• _REQUIRED ACTION_: Scan the data below for lines holding the word "times", and copy each line found.
[[ MATERIAL TO PROCESS open ]]
(* Let $\epsilon>0$, $\zeta>1$, and let $N_\epsilon=\{(x,y)\in\mathbb{R}^2: 0<x^2+y^2<\epsilon^2\}$ with the Lorentzian metric $ds^2=4\{(y^2-(\zeta-1)x^2)\,dx^2+(x^2-(\zeta-1)y^2)\,dy^2+2\zeta xy\,dx\,dy\}$, time-oriented so that the function $-x^2+y^2$ increases along future directed timelike curves. Then $(N_\epsilon,g)$ is not causally continuous.
   Context: This is the neighbourhood geometry of type $(1,1)$ (the "trousers"): the Morse metric $g_{\mu\nu}=h_{\mu\nu}|df|_h^2-\zeta\,\partial_\mu f\,\partial_\nu f$ built from the flat Euclidean metric $h$ and $f=-x^2+y^2$ (plus a constant) on the punctured disc. Chronological relations are computed within $N_\epsilon$: $a\ll b$ iff there is a future directed $C^1$ timelike curve in $N_\epsilon$ from $a$ to $b$; $I^+(a)=\{b:a\ll b\}$, $I^-(a)=\{b:b\ll a\}$; for open $U$, $\downarrow U=\mathrm{Int}\{c:c\ll u\ \forall u\in U\}$, $\uparrow U=\mathrm{Int}\{c:u\ll c\ \forall u\in U\}$. The spacetime is causally continuous if $I^+(a)=\uparrow I^-(a)$ and $I^-(a)=\downarrow I^+(a)$ for all $a\in N_\epsilon$. *)

theory Defs
  imports "HOL-Analysis.Analysis"
begin

definition N_eps :: "real \<Rightarrow> (real \<times> real) set" where
  "N_eps \<epsilon> = {p. 0 < (fst p)^2 + (snd p)^2 \<and> (fst p)^2 + (snd p)^2 < \<epsilon>^2}"

definition gmet :: "real \<Rightarrow> real \<times> real \<Rightarrow> real \<times> real \<Rightarrow> real" where
  "gmet \<zeta> p v = 4 * (((snd p)^2 - (\<zeta> - 1) * (fst p)^2) * (fst v)^2
                    + ((fst p)^2 - (\<zeta> - 1) * (snd p)^2) * (snd v)^2
                    + 2 * \<zeta> * fst p * snd p * fst v * snd v)"

text \<open>Future directed timelike: g(v,v) < 0 and df(v) > 0 with f = -x^2+y^2.\<close>
definition fut_timelike :: "real \<Rightarrow> real \<times> real \<Rightarrow> real \<times> real \<Rightarrow> bool" where
  "fut_timelike \<zeta> p v \<longleftrightarrow> gmet \<zeta> p v < 0 \<and> -2 * fst p * fst v + 2 * snd p * snd v > 0"

definition chron :: "real \<Rightarrow> real \<Rightarrow> real \<times> real \<Rightarrow> real \<times> real \<Rightarrow> bool" where
  "chron \<epsilon> \<zeta> a b \<longleftrightarrow>
     (\<exists>\<gamma> \<gamma>'. \<gamma> 0 = a \<and> \<gamma> 1 = b \<and> continuous_on {0..1} \<gamma>' \<and>
        (\<forall>t\<in>{0..1::real}. \<gamma> t \<in> N_eps \<epsilon> \<and>
            (\<gamma> has_vector_derivative \<gamma>' t) (at t within {0..1}) \<and>
            fut_timelike \<zeta> (\<gamma> t) (\<gamma>' t)))"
[[ MATERIAL TO PROCESS closed ]]
• _SOLUTION BELOW_:
definition N_eps :: "real \<Rightarrow> (real \<times> real) set" where
definition gmet :: "real \<Rightarrow> real \<times> real \<Rightarrow> real \<times> real \<Rightarrow> real" where
definition fut_timelike :: "real \<Rightarrow> real \<times> real \<Rightarrow> real \<times> real \<Rightarrow> bool" where
definition chron :: "real \<Rightarrow> real \<Rightarrow> real \<times> real \<Rightarrow> real \<times> real \<Rightarrow> bool" where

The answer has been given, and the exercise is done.